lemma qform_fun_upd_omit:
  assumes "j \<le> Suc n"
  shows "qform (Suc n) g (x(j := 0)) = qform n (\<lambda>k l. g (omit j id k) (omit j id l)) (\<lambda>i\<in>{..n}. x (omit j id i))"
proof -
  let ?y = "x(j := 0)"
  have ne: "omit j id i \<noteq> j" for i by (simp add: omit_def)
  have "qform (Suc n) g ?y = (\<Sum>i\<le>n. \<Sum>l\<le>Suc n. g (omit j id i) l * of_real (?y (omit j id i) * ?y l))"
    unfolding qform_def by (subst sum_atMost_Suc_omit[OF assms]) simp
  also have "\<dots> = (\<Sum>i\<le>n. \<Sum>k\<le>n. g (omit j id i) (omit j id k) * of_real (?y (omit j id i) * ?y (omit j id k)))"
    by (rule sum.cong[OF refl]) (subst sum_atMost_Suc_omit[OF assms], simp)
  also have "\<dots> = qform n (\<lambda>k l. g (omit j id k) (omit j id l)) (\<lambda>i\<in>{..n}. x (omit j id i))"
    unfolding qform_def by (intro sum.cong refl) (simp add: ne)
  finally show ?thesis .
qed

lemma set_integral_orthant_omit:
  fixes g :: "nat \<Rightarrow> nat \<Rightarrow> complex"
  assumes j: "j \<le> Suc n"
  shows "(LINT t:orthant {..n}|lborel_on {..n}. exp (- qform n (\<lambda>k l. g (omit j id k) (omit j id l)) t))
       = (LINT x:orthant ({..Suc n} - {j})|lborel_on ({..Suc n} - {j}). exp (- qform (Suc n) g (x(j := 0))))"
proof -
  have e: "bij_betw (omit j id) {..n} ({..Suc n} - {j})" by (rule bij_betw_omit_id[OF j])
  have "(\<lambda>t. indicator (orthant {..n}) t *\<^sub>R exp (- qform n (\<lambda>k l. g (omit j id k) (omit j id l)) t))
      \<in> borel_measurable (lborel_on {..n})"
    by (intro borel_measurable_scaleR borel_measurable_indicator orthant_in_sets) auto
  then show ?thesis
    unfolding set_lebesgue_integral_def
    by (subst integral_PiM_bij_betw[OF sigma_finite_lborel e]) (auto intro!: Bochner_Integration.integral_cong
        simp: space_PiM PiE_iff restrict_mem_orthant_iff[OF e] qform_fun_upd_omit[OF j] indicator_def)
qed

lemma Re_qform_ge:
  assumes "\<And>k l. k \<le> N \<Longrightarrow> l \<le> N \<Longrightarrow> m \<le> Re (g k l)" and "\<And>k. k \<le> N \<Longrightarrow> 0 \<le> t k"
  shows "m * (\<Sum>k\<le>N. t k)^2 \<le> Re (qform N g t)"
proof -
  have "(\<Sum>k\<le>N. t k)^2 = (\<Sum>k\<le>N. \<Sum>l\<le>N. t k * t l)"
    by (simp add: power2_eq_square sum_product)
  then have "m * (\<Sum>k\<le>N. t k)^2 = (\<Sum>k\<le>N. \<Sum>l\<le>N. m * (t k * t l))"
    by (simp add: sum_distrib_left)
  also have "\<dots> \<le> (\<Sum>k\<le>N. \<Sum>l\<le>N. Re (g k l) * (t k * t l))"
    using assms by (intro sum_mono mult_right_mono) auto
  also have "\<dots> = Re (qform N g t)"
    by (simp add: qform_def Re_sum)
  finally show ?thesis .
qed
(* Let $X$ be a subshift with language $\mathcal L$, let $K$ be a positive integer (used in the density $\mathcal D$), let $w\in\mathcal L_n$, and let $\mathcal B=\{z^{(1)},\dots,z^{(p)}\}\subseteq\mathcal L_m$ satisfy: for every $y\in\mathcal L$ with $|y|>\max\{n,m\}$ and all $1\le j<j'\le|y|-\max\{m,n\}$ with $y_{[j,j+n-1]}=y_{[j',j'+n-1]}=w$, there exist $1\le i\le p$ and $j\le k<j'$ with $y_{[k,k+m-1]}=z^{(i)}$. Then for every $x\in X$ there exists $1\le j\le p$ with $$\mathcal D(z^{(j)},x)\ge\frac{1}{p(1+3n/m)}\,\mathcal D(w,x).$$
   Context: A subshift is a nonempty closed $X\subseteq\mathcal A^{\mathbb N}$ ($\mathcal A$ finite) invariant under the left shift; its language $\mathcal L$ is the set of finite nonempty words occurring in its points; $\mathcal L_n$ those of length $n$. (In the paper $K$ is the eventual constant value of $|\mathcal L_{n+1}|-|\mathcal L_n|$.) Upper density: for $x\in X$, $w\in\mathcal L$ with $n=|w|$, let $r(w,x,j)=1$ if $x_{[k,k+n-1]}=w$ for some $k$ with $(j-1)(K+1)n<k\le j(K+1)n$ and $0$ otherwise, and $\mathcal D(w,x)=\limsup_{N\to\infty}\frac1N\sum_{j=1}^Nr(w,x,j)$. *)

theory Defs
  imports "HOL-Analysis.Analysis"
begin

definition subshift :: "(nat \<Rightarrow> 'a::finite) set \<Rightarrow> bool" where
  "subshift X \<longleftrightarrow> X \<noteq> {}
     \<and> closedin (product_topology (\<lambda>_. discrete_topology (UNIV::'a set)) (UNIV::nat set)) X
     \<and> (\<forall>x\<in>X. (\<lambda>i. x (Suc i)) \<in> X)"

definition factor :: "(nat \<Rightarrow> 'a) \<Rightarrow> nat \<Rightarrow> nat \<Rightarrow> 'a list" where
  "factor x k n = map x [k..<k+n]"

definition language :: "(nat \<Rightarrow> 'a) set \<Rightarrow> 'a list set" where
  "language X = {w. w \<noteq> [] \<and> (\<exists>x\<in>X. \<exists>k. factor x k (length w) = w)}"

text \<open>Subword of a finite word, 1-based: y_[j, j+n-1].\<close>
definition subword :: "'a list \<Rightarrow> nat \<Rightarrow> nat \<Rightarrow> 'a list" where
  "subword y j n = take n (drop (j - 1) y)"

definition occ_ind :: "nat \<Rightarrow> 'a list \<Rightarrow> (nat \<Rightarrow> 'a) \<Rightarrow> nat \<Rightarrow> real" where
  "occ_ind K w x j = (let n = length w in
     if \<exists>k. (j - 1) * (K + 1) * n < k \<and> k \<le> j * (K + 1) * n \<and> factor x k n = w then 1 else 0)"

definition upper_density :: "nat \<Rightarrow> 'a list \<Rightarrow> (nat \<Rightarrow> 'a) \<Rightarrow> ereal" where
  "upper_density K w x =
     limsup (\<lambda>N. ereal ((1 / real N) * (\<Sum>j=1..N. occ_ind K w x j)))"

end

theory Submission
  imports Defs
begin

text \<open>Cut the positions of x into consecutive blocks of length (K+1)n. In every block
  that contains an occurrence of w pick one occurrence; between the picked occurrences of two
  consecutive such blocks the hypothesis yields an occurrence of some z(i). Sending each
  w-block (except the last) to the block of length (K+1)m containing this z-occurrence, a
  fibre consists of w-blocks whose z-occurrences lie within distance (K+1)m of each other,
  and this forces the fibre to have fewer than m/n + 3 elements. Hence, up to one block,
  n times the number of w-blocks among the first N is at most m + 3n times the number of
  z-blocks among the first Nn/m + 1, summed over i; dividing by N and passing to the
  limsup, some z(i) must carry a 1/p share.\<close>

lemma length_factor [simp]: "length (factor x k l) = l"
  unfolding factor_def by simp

__________________________________________________

## What to work on
Using the entries above, extract exactly the span from the line with "by (simp add: sum_distrib_left)" to the line with "(* Let $X$ be", both lines included; leave out everything else.

## Task answer
    by (simp add: sum_distrib_left)
  also have "\<dots> \<le> (\<Sum>k\<le>N. \<Sum>l\<le>N. Re (g k l) * (t k * t l))"
    using assms by (intro sum_mono mult_right_mono) auto
  also have "\<dots> = Re (qform N g t)"
    by (simp add: qform_def Re_sum)
  finally show ?thesis .
qed
(* Let $X$ be a subshift with language $\mathcal L$, let $K$ be a positive integer (used in the density $\mathcal D$), let $w\in\mathcal L_n$, and let $\mathcal B=\{z^{(1)},\dots,z^{(p)}\}\subseteq\mathcal L_m$ satisfy: for every $y\in\mathcal L$ with $|y|>\max\{n,m\}$ and all $1\le j<j'\le|y|-\max\{m,n\}$ with $y_{[j,j+n-1]}=y_{[j',j'+n-1]}=w$, there exist $1\le i\le p$ and $j\le k<j'$ with $y_{[k,k+m-1]}=z^{(i)}$. Then for every $x\in X$ there exists $1\le j\le p$ with $$\mathcal D(z^{(j)},x)\ge\frac{1}{p(1+3n/m)}\,\mathcal D(w,x).$$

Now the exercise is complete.